The acquisition led to risk spreading and diversification that led to exploitation of new markets (De Cagna 2001). The acquisition of Anheuser-Busch Companies, Inc led to exploitation of the unexplored markets by both firms, and led to a reduced competition between the two firms as they would trade as one. In 2005/06, InBev announced that it was to relocate the brewing of Hoegaarden to Piedboeuf brewery located in Jupile. This sparked protests in the city of Hoegaarden. The reason for the relocation was obsoleteness in the plant at Hoegaarden. Later on the brewery at Jupile proved incapable in producing the right quality that forced InBev to move it back to Hoegaarden.

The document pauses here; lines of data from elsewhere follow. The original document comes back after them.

(* Let $\alpha\in\mathbb{R}$ and $\mathbb{Q}[x]^+_{x=\alpha}=\{p\in\mathbb{Q}[x]:p(\alpha)>0\}$. For real $\beta\neq\gamma$ let $S_{\beta,\gamma}=\{p\in\mathbb{Q}[x]: p(\beta)>p(\gamma)\}$; for $z\in\mathbb{C}\setminus\mathbb{R}$ let $S_{z,\bar z}=\{p\in\mathbb{Q}[x]:\operatorname{Im}p(z)>0\}$; for $\delta\in\mathbb{R}$ let $S^+_\delta=\{p\in\mathbb{Q}[x]:p'(\delta)>0\}$ and $S^-_\delta=\{p\in\mathbb{Q}[x]:p'(\delta)<0\}$. Then: (1) for all $\beta,\gamma\in\mathbb{R}\setminus\{\alpha\}$ with $\beta\ne\gamma$, the set $S_{\beta,\gamma}\cap\mathbb{Q}[x]^+_{x=\alpha}$ is not closed under multiplication; moreover, for every $\beta\neq\alpha$, the set $S_{\alpha,\beta}\cap\mathbb{Q}[x]^+_{x=\alpha}$ is not closed under multiplication; (2) for every $z\in\mathbb{C}\setminus\mathbb{R}$, the set $S_{z,\bar z}\cap\mathbb{Q}[x]^+_{x=\alpha}$ is not closed under multiplication; (3) for every real $\delta\neq\alpha$, neither $S^+_\delta\cap\mathbb{Q}[x]^+_{x=\alpha}$ nor $S^-_\delta\cap\mathbb{Q}[x]^+_{x=\alpha}$ is closed under multiplication. *)

theory Defs
  imports "HOL-Computational_Algebra.Polynomial" Complex_Main
begin

definition reval :: "rat poly \<Rightarrow> real \<Rightarrow> real" where
  "reval p x = poly (map_poly of_rat p) x"

definition ceval :: "rat poly \<Rightarrow> complex \<Rightarrow> complex" where
  "ceval p z = poly (map_poly of_rat p) z"

definition pos_at :: "real \<Rightarrow> rat poly set" where
  "pos_at \<alpha> = {p. reval p \<alpha> > 0}"

definition S_real :: "real \<Rightarrow> real \<Rightarrow> rat poly set" where
  "S_real \<beta> \<gamma> = {p. reval p \<beta> > reval p \<gamma>}"

definition S_cplx :: "complex \<Rightarrow> rat poly set" where
  "S_cplx z = {p. Im (ceval p z) > 0}"

definition S_plus :: "real \<Rightarrow> rat poly set" where
  "S_plus \<delta> = {p. reval (pderiv p) \<delta> > 0}"

definition S_minus :: "real \<Rightarrow> rat poly set" where
  "S_minus \<delta> = {p. reval (pderiv p) \<delta> < 0}"

definition mult_closed :: "rat poly set \<Rightarrow> bool" where
  "mult_closed S \<longleftrightarrow> (\<forall>p\<in>S. \<forall>q\<in>S. p * q \<in> S)"

end

theory Submission
  imports Defs
begin

(*
  In each case we exhibit p, q in the set (mostly q = p) whose product leaves it.

  For S_{beta,gamma} and S_{alpha,beta} the witnesses are only constrained by their values at two
  or three real points, up to an error of 1/2: interpolate the values by a real polynomial and
  approximate it on a disc by one with rational coefficients. With p ~ 1, 1, -1 and q ~ 1, -1, -2
  at alpha, beta, gamma the product pq is negative at beta but positive at gamma; with p ~ 1, -2 at
  alpha, beta we get p(alpha)^2 < p(beta)^2. For S_{z, conj z} the same approximation gives p with
  p(alpha) > 0 and p(z) close to -1 + i, so Im (p(z)^2) = 2 Re p(z) Im p(z) < 0.

  For S^+_delta and S^-_delta take p = (X - r)(X - t) with rationals r < delta < t and alpha
  outside [r, t]. Then p(alpha) > 0 > p(delta), so (p^2)'(delta) = 2 p(delta) p'(delta) has the
  sign opposite to p'(delta) = 2 delta - r - t, and either sign of the latter can be arranged.
*)

lemma of_real_of_rat: "(of_real (of_rat q) :: 'a::{real_field,field_char_0}) = of_rat q"
  by (cases q) (simp add: of_rat_rat)
(* Let $\mathcal G$ be a Lie superalgebra over a field of characteristic zero, with a direct sum decomposition $\mathcal G=\mathcal H\oplus\mathcal E$ of vector spaces where $\mathcal H$ is a subalgebra. Let $\mathcal S$, the projections $A\mapsto A_{\mathcal H}$, and the extended bracket $[\cdot,\cdot]$ be as described below. Then for any $A,B\in\mathcal S$, $[A_{\mathcal H},B_{\mathcal H}]=[A_{\mathcal H},B_{\mathcal H}]_{\mathcal H}$. Thus the subspace $\mathcal S_{\mathcal H}$ of the Lie superalgebra $(\mathcal S,[\cdot,\cdot])$ is a subalgebra.
   Context: Set $\mathcal U_1=\mathcal G$ with its $\mathbb Z_2$-grading. For $p\ge1$ define recursively $\mathcal U_{-p+1}=\mathrm{Hom}(\mathcal U_1,\mathcal U_{-p+2})$, $\mathbb Z_2$-graded by declaring $A$ even (resp. odd) if it preserves (resp. reverses) parity; $|u|$ is the parity of a homogeneous element. Elements of $\mathcal U_{1-p}$ are operators of order $p$ (elements of $\mathcal G$ have order $0$), identified for $p\ge1$ with $p$-linear maps $A(x_1,\dots,x_p)=A(x_1)\cdots(x_p)$; $\mathcal U_{1-}=\bigoplus_{p\ge0}\mathcal U_{1-p}$. An operator of order $p\ge2$ is symmetric if $A(\dots,x_i,x_{i+1},\dots)=(-1)^{|x_i||x_{i+1}|}A(\dots,x_{i+1},x_i,\dots)$ for all homogeneous arguments and all $i$; operators of order $0$ or $1$ are symmetric; $\mathcal S$ is the span of symmetric operators. Define $\circ$: $A\circ y=A(y)$, $y\circ A=0$ for $A$ of order $\ge1$, $y\in\mathcal U_1$; for $A,B$ of orders $\ge1$, recursively $(A\circ B)(x)=A\circ B(x)+(-1)^{|B||x|}A(x)\circ B$. Define $\bullet$: $A_p\bullet B_q=\frac{p!q!}{(p+q-1)!}A_p\circ B_q$ for orders $p,q\ge1$; $A_p\bullet x=pA_p(x)$, $x\bullet A_p=0$, $x\bullet y=0$ for $x,y\in\mathcal U_1$. The bracket of $\mathcal G$ extends to $\mathcal U_{1-}$: on $\mathcal G$ it is the given bracket, and for operators $A,B$ of orders $p,q$ with $p+q\ge1$, $[A,B]$ is the operator of order $p+q$ defined recursively by $[A,B]\bullet x=[A,B\bullet x]+(-1)^{|x||B|}[A\bullet x,B]$ for all $x\in\mathcal G$; $\mathcal S$ is closed under this bracket. For $x\in\mathcal G$ write $x=x_{\mathcal H}+x_{\mathcal E}$ with $x_{\mathcal H}\in\mathcal H$, $x_{\mathcal E}\in\mathcal E$. For an operator $A$ of order $\ge1$ define $A_{\mathcal H},A_{\mathcal E}$ recursively by $A_{\mathcal H}\bullet x=(A\bullet x)_{\mathcal H}$, $A_{\mathcal E}\bullet x=(A\bullet x)_{\mathcal E}$ for all $x\in\mathcal G$ (equivalently $A_{\mathcal H}(x_1,\dots,x_p)=(A(x_1,\dots,x_p))_{\mathcal H}$, similarly for $\mathcal E$). $\mathcal S_{\mathcal H}$ (resp. $\mathcal S_{\mathcal E}$) is the span of all $A_{\mathcal H}$ (resp. $A_{\mathcal E}$) with $A\in\mathcal S$. *)

theory Defs
  imports Main "HOL.Vector_Spaces"
begin
lemma summable_inverse_\<omega>0_dyadic:
  assumes "1 \<le> k"
  shows "summable (\<lambda>n. 1 / \<omega>0 (k * 2 ^ n))"
proof (rule summable_comparison_test')
  show "summable (\<lambda>n. pi * (1/2::real) ^ n)" by (intro summable_mult summable_geometric) simp
  show "norm (1 / \<omega>0 (k * 2 ^ n)) \<le> pi * (1/2) ^ n" for n
  proof -
    have "(2::real) ^ n \<le> real k * 2 ^ n + 1"
      using assms by (simp add: mult_right_mono add_increasing2)
    hence "pi / (real k * 2 ^ n + 1) \<le> pi / 2 ^ n"
      by (intro divide_left_mono) (auto intro!: mult_pos_pos add_nonneg_pos)
    thus ?thesis by (simp add: \<omega>0_def power_one_over)
  qed
qed

lemma \<omega>0_collatz_pre_le: "j \<in> collatz_pre m \<Longrightarrow> \<omega>0 j \<le> 2 * \<omega>0 m"
  using collatz_pre_le[of j m] by (simp add: \<omega>0_def divide_right_mono)
(* Let $G$, $A$, $H$, $\beta$, $\sigma$, $\delta$ be as in the context, and let $(K,v)$ be an $\omega$-pseudo complete valued field of characteristic $0$ with residue characteristic $p$ whose value group is $A$, the smallest nonzero convex subgroup of $G$. If $f\in K(t^H,\beta)_\delta$ is nonzero, then $f$ has a multiplicative inverse in $K(t^H,\beta)_\delta$.
   Context: $G$ is an ordered abelian group, $A$ its smallest nonzero convex subgroup, $H=G/A$ with the induced order, $\rho:G\to H$ the projection; $\alpha:H\to G$ is a transversal ($\rho\alpha=\mathrm{id}_H$, $\alpha(0)=0$) and $\beta(h,h')=\alpha(h+h')-\alpha(h)-\alpha(h')\in A$. $\sigma:A\to K^\times$ is a cross-section (homomorphism with $v(\sigma(a))=a$). $\delta$ is an infinite cardinal and $K(t^H,\beta)_\delta$ is the set of formal sums $\sum_{h\in S}a_ht^h$ with $S\subseteq H$ well ordered, $|S|\le\delta$, $a_h\in K$, with coefficientwise addition and multiplication $\left(\sum a_ht^h\right)\left(\sum b_ht^h\right)=\sum_l\left(\sum_{h+h'=l}a_hb_{h'}\sigma(-\beta(h,h'))\right)t^l$. A sequence $(c_n)_{n<\omega}$ in a valued field is pseudo-Cauchy if for some $n_0$, $v(c_l-c_m)>v(c_m-c_n)$ whenever $n_0<n<m<l$; $c$ is a pseudo-limit if $v(c-c_n)=v(c_{n+1}-c_n)$ for all large $n$; $\omega$-pseudo complete means every pseudo-Cauchy sequence indexed by $\omega$ has a pseudo-limit. *)

theory Defs
  imports Main "HOL-Library.Equipollence"
begin

definition add_subgroup :: "'g::ab_group_add set \<Rightarrow> bool" where
  "add_subgroup B \<longleftrightarrow> 0 \<in> B \<and> (\<forall>x\<in>B. \<forall>y\<in>B. x + y \<in> B) \<and> (\<forall>x\<in>B. - x \<in> B)"

definition convex_subgroup :: "'g::linordered_ab_group_add set \<Rightarrow> bool" where
  "convex_subgroup B \<longleftrightarrow> add_subgroup B \<and>
     (\<forall>x\<in>B. \<forall>y\<in>B. \<forall>z. x \<le> z \<and> z \<le> y \<longrightarrow> z \<in> B)"

definition smallest_nonzero_convex_subgroup :: "'g::linordered_ab_group_add set \<Rightarrow> bool" where
  "smallest_nonzero_convex_subgroup A \<longleftrightarrow> convex_subgroup A \<and> A \<noteq> {0} \<and>
     (\<forall>B. convex_subgroup B \<and> B \<noteq> {0} \<longrightarrow> A \<subseteq> B)"

text \<open>H = G/A with the induced order, given as a surjective order-preserving
  homomorphism rho with kernel A (this determines H and its order up to
  isomorphism).\<close>
definition is_quotient_projection ::
  "'g::linordered_ab_group_add set \<Rightarrow> ('g \<Rightarrow> 'h::linordered_ab_group_add) \<Rightarrow> bool" where
  "is_quotient_projection A \<rho> \<longleftrightarrow>
     (\<forall>x y. \<rho> (x + y) = \<rho> x + \<rho> y) \<and> surj \<rho> \<and>
     (\<forall>x. \<rho> x = 0 \<longleftrightarrow> x \<in> A) \<and> (\<forall>x y. x \<le> y \<longrightarrow> \<rho> x \<le> \<rho> y)"

definition transversal :: "('g \<Rightarrow> 'h::zero) \<Rightarrow> ('h \<Rightarrow> 'g::zero) \<Rightarrow> bool" where
  "transversal \<rho> \<alpha> \<longleftrightarrow> (\<forall>h. \<rho> (\<alpha> h) = h) \<and> \<alpha> 0 = 0"

definition cocycle :: "('h::ab_group_add \<Rightarrow> 'g::ab_group_add) \<Rightarrow> 'h \<Rightarrow> 'h \<Rightarrow> 'g" where
  "cocycle \<alpha> h h' = \<alpha> (h + h') - \<alpha> h - \<alpha> h'"

text \<open>A valuation on K with value group A: v is only meaningful on nonzero
  elements; v 0 is the formal value infinity (handled explicitly below).\<close>
definition valuation :: "('k::field \<Rightarrow> 'g::linordered_ab_group_add) \<Rightarrow> 'g set \<Rightarrow> bool" where
  "valuation v A \<longleftrightarrow>
     (\<forall>x y. x \<noteq> 0 \<and> y \<noteq> 0 \<longrightarrow> v (x * y) = v x + v y) \<and>
     (\<forall>x y. x \<noteq> 0 \<and> y \<noteq> 0 \<and> x + y \<noteq> 0 \<longrightarrow> min (v x) (v y) \<le> v (x + y)) \<and>
     v ` {x. x \<noteq> 0} = A"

This action led to much criticism from the media (Conner 2001). On June12 2008, the company offered to buy Anheuser-Busch for US$46 Billion. This merger bbrought together two of the big four beer brewing companies in the world. It also created the company with the three top beers internationally .i.

e. the Bud Light, Budweiser and Skol. InBev announced that this merger was not to result to closure of any brewery and that it would lead to no redundancy or retrenchments. On July 13 2008, InBev acquired Anheuser-Busch at a consideration of US$52 billion in cash or a $70 per share. This led to the formation of Anheuser-Busch InBev after the acquisition (Armstrong 1999).

Despite the different opinions on exactly the causes of failure in many acquisitions there are many points that analysts widely agree on. Analysts agree that human factor is a prime cause of failure in many company integrations. This is because most employees do not agree on the different organizational culture that existed in the different entities, and this frustrates the mergers and acquisitions since the employees’ ends up being unhappy and stressed up and the result is a low productivity. To solve this problem the organization will require a strong management team with strong managerial and communication skills that will be able to calm and guide the employees through this change process.These means that while carrying out a merger the companies involved should consider the financial, legal, economic and human aspect in order to have a successful acquisition(Axelrod 2001).